━━━━━ INFORMATION GIVEN

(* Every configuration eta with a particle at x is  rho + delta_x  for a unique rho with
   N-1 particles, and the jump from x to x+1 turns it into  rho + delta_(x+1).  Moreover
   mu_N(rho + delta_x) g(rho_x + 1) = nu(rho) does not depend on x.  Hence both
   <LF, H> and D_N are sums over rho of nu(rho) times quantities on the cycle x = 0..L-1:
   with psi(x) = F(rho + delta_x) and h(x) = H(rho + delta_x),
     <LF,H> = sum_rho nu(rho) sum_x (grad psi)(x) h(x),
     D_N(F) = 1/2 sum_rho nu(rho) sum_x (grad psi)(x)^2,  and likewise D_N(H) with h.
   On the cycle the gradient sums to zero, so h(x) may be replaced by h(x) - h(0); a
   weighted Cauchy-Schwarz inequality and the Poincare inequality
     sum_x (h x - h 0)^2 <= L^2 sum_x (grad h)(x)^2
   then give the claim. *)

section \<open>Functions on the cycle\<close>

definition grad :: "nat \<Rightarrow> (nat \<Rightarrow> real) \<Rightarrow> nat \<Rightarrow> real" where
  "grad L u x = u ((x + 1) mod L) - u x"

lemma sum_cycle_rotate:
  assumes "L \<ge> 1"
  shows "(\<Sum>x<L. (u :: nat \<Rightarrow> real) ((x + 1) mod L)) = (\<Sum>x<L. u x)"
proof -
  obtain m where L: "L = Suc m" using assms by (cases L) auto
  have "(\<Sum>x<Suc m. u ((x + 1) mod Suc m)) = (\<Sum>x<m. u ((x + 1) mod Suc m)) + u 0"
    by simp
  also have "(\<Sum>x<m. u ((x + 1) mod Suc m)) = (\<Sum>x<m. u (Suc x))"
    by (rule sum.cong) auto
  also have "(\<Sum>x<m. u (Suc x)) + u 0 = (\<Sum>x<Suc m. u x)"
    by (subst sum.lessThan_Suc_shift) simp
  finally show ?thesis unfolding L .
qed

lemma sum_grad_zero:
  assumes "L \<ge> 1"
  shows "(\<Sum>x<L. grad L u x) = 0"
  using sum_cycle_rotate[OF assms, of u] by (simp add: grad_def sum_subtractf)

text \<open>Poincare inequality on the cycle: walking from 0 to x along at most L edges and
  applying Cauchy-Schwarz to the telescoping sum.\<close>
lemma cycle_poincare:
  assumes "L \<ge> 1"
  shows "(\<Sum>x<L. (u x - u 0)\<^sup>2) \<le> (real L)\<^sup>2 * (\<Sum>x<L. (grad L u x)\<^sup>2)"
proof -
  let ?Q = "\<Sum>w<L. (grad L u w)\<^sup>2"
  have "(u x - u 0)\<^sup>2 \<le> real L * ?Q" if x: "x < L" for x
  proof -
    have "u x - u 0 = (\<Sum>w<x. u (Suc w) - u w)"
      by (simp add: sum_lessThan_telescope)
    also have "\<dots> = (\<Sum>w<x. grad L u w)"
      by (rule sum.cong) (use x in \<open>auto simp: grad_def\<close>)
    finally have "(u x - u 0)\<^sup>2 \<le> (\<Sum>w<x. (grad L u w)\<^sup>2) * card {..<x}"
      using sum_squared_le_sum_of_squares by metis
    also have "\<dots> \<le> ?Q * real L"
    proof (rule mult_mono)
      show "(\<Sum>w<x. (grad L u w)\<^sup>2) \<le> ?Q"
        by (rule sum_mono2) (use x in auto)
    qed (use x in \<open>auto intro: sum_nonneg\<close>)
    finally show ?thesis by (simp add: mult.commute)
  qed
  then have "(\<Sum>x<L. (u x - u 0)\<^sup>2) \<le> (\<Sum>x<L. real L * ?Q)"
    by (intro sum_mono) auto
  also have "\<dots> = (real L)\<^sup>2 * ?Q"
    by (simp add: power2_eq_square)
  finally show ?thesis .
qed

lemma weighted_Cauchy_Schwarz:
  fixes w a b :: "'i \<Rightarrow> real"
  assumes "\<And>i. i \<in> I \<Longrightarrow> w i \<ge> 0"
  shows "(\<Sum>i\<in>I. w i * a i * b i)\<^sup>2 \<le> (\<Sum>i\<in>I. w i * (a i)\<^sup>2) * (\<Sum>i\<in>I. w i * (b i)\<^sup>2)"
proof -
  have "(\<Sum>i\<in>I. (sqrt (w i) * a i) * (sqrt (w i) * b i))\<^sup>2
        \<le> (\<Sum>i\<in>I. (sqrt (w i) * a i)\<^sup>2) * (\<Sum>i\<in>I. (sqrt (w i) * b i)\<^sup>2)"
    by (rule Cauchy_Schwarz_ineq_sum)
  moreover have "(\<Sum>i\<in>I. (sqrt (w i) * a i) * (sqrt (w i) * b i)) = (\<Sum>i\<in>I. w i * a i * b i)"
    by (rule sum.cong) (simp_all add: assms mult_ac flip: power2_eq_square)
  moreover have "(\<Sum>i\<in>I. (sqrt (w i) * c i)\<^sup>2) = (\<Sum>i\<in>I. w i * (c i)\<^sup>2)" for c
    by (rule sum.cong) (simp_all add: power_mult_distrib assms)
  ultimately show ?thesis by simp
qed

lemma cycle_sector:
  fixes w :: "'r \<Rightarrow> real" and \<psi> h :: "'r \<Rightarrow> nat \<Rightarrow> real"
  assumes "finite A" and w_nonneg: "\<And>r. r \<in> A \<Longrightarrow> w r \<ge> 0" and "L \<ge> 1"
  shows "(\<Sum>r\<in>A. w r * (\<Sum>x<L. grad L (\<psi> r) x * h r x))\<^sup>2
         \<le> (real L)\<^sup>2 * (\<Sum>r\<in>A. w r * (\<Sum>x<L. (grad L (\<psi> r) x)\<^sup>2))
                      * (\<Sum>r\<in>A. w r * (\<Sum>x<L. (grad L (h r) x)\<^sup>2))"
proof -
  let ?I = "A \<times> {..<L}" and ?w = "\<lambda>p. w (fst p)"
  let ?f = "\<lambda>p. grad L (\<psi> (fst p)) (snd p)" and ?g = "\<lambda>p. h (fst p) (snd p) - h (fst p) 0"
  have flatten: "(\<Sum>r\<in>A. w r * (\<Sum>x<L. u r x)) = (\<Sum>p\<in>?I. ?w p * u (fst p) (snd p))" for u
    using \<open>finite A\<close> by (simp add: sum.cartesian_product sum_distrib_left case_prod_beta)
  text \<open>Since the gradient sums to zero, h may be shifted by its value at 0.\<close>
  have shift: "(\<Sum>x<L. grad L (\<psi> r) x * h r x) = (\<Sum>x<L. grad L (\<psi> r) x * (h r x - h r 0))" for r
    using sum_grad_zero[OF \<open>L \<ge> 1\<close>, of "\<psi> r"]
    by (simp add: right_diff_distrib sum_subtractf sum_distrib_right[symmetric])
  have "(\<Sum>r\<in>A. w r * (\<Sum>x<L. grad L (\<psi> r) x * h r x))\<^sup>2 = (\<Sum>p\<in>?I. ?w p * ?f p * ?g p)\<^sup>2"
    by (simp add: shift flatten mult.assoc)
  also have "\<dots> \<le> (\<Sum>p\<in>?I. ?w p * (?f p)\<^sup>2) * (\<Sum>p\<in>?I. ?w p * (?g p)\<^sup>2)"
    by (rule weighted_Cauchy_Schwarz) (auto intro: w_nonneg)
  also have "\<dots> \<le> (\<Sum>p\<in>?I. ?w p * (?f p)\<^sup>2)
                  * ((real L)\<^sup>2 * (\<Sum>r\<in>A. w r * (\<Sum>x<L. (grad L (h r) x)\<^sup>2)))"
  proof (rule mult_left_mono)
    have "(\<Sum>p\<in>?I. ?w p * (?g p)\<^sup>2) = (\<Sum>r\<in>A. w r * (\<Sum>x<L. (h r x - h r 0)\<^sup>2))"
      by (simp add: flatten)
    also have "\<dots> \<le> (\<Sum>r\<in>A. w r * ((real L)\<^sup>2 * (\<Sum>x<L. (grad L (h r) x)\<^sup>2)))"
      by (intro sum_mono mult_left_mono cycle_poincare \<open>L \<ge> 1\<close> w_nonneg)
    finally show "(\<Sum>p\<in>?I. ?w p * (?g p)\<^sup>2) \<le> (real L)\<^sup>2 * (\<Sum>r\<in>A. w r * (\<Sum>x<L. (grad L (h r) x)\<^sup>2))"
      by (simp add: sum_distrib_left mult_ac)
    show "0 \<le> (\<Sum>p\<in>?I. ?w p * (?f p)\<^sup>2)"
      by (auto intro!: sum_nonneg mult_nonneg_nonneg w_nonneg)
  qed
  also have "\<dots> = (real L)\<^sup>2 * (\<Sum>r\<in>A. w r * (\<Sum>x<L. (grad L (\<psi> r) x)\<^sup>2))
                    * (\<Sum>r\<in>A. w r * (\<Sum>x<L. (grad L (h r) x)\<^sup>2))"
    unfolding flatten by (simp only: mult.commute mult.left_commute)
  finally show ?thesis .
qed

━━━━━━━━━━
━━━━━ INFORMATION GIVEN

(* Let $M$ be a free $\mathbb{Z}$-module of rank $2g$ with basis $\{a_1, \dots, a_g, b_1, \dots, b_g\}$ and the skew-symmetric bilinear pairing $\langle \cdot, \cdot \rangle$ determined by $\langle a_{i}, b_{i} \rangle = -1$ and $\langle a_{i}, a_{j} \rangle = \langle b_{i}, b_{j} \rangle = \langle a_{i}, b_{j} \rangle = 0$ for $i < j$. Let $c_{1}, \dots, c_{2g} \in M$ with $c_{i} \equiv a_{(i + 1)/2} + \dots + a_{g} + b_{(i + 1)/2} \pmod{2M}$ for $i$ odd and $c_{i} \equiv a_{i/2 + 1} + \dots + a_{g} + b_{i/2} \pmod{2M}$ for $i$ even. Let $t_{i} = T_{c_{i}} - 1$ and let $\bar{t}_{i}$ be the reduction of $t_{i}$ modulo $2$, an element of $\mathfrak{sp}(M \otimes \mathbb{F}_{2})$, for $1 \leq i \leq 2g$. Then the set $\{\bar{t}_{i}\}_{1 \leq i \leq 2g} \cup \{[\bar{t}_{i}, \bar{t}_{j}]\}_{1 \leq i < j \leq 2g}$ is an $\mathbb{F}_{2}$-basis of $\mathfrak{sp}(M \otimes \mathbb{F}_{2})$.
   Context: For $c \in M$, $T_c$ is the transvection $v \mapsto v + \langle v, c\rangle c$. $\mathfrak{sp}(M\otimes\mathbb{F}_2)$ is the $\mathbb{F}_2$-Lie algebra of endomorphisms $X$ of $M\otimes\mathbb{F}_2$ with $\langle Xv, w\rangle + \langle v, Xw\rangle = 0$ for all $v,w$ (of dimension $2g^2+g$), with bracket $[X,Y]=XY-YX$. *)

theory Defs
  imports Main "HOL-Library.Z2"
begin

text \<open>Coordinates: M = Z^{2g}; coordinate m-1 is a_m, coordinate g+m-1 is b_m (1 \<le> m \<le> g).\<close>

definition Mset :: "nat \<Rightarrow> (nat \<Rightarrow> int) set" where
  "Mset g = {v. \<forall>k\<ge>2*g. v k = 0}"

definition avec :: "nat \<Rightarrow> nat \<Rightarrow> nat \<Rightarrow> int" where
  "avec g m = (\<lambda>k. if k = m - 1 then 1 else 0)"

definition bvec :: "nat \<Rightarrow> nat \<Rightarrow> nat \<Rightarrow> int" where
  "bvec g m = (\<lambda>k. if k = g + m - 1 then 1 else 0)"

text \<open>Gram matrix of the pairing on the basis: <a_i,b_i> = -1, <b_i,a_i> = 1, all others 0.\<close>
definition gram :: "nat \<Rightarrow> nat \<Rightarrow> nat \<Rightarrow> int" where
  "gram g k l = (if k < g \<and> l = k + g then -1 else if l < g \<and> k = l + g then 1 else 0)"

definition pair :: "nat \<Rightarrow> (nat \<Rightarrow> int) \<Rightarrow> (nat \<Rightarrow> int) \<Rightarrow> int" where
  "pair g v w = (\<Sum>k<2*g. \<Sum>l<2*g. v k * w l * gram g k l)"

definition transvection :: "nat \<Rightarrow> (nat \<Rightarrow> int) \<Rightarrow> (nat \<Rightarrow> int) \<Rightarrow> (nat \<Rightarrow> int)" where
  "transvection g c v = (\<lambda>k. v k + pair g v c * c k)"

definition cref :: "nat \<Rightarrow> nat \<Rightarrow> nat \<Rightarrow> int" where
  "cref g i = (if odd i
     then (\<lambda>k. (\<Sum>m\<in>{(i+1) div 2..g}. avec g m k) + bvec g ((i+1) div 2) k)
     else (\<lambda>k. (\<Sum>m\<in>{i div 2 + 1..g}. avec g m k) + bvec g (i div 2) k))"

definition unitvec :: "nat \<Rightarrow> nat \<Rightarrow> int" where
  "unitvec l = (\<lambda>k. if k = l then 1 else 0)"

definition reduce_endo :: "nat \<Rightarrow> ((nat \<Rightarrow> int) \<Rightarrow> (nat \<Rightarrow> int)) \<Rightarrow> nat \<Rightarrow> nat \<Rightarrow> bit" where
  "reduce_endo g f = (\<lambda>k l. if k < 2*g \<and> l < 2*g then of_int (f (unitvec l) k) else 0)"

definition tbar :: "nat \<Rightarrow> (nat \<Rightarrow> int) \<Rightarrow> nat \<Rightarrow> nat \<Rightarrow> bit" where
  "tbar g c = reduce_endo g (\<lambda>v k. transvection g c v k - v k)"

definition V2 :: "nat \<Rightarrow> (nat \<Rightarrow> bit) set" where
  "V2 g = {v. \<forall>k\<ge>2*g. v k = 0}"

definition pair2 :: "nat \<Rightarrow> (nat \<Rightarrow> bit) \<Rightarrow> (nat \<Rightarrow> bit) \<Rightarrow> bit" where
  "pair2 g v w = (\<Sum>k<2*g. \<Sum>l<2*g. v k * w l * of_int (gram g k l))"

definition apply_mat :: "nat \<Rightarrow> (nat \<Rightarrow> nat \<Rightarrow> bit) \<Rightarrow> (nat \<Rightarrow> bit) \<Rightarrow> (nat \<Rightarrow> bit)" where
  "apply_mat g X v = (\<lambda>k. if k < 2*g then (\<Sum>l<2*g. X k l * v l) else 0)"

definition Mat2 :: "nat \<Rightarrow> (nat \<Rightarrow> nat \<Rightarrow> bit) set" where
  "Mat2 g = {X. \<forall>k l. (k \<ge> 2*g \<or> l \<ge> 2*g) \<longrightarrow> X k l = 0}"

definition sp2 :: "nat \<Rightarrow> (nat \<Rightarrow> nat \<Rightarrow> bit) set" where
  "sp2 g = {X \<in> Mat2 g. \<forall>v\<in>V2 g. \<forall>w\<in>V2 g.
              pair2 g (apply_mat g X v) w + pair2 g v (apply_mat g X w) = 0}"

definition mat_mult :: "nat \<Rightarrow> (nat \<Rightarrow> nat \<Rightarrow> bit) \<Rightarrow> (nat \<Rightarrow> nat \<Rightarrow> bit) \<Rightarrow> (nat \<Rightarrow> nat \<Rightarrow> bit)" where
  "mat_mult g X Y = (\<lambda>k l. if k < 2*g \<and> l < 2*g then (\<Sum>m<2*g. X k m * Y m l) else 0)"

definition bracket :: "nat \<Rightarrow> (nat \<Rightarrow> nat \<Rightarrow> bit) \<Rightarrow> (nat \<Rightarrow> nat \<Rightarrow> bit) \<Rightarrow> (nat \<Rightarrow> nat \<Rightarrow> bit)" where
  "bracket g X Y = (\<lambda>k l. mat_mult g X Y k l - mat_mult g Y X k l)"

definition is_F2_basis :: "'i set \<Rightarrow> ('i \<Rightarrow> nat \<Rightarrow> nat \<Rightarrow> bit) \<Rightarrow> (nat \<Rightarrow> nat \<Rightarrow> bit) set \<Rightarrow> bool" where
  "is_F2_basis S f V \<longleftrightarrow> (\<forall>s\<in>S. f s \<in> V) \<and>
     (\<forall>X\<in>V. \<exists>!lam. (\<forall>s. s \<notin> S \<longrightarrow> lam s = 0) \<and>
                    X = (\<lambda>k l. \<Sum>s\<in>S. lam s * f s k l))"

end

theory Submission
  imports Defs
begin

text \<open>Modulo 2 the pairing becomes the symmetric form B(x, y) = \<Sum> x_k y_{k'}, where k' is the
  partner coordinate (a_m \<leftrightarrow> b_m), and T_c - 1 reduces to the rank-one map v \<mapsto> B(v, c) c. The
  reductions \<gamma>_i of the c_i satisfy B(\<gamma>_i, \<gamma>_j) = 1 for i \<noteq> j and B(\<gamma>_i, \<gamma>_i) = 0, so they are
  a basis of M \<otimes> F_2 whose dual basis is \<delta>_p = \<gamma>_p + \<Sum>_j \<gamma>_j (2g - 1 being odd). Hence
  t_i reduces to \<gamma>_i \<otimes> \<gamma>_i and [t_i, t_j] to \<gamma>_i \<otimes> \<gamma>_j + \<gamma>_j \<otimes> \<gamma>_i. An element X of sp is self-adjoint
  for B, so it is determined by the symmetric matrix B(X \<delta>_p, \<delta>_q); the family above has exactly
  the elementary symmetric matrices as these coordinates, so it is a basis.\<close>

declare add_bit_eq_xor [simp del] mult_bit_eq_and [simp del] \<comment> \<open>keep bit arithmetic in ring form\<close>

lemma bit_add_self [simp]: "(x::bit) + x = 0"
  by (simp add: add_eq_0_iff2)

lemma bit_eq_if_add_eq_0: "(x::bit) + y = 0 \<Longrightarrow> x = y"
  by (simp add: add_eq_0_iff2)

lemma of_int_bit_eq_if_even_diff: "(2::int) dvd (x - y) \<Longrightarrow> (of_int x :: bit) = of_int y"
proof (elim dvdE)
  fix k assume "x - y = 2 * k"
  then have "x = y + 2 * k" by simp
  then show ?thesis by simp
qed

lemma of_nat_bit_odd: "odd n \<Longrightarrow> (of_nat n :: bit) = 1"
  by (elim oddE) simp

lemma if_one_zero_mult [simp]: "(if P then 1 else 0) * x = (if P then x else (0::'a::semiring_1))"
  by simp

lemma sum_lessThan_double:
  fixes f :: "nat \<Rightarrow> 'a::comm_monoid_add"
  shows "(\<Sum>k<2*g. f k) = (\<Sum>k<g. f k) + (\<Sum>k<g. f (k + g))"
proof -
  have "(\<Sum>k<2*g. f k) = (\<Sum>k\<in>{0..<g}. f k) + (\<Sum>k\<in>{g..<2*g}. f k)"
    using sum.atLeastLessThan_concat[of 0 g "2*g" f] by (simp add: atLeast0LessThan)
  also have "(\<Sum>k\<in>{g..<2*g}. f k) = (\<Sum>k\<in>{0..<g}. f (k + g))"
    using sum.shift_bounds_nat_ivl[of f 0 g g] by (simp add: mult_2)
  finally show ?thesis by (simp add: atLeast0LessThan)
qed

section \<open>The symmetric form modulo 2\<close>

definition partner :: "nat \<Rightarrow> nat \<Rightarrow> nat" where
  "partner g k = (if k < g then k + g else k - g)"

━━━━━━━━━━

YOUR INSTRUCTIONS> Go through the entries and filter for lines holding the word "avec"; copy each match.

EXERCISE RESULT>
definition avec :: "nat \<Rightarrow> nat \<Rightarrow> nat \<Rightarrow> int" where
  "avec g m = (\<lambda>k. if k = m - 1 then 1 else 0)"
     then (\<lambda>k. (\<Sum>m\<in>{(i+1) div 2..g}. avec g m k) + bvec g ((i+1) div 2) k)
     else (\<lambda>k. (\<Sum>m\<in>{i div 2 + 1..g}. avec g m k) + bvec g (i div 2) k))"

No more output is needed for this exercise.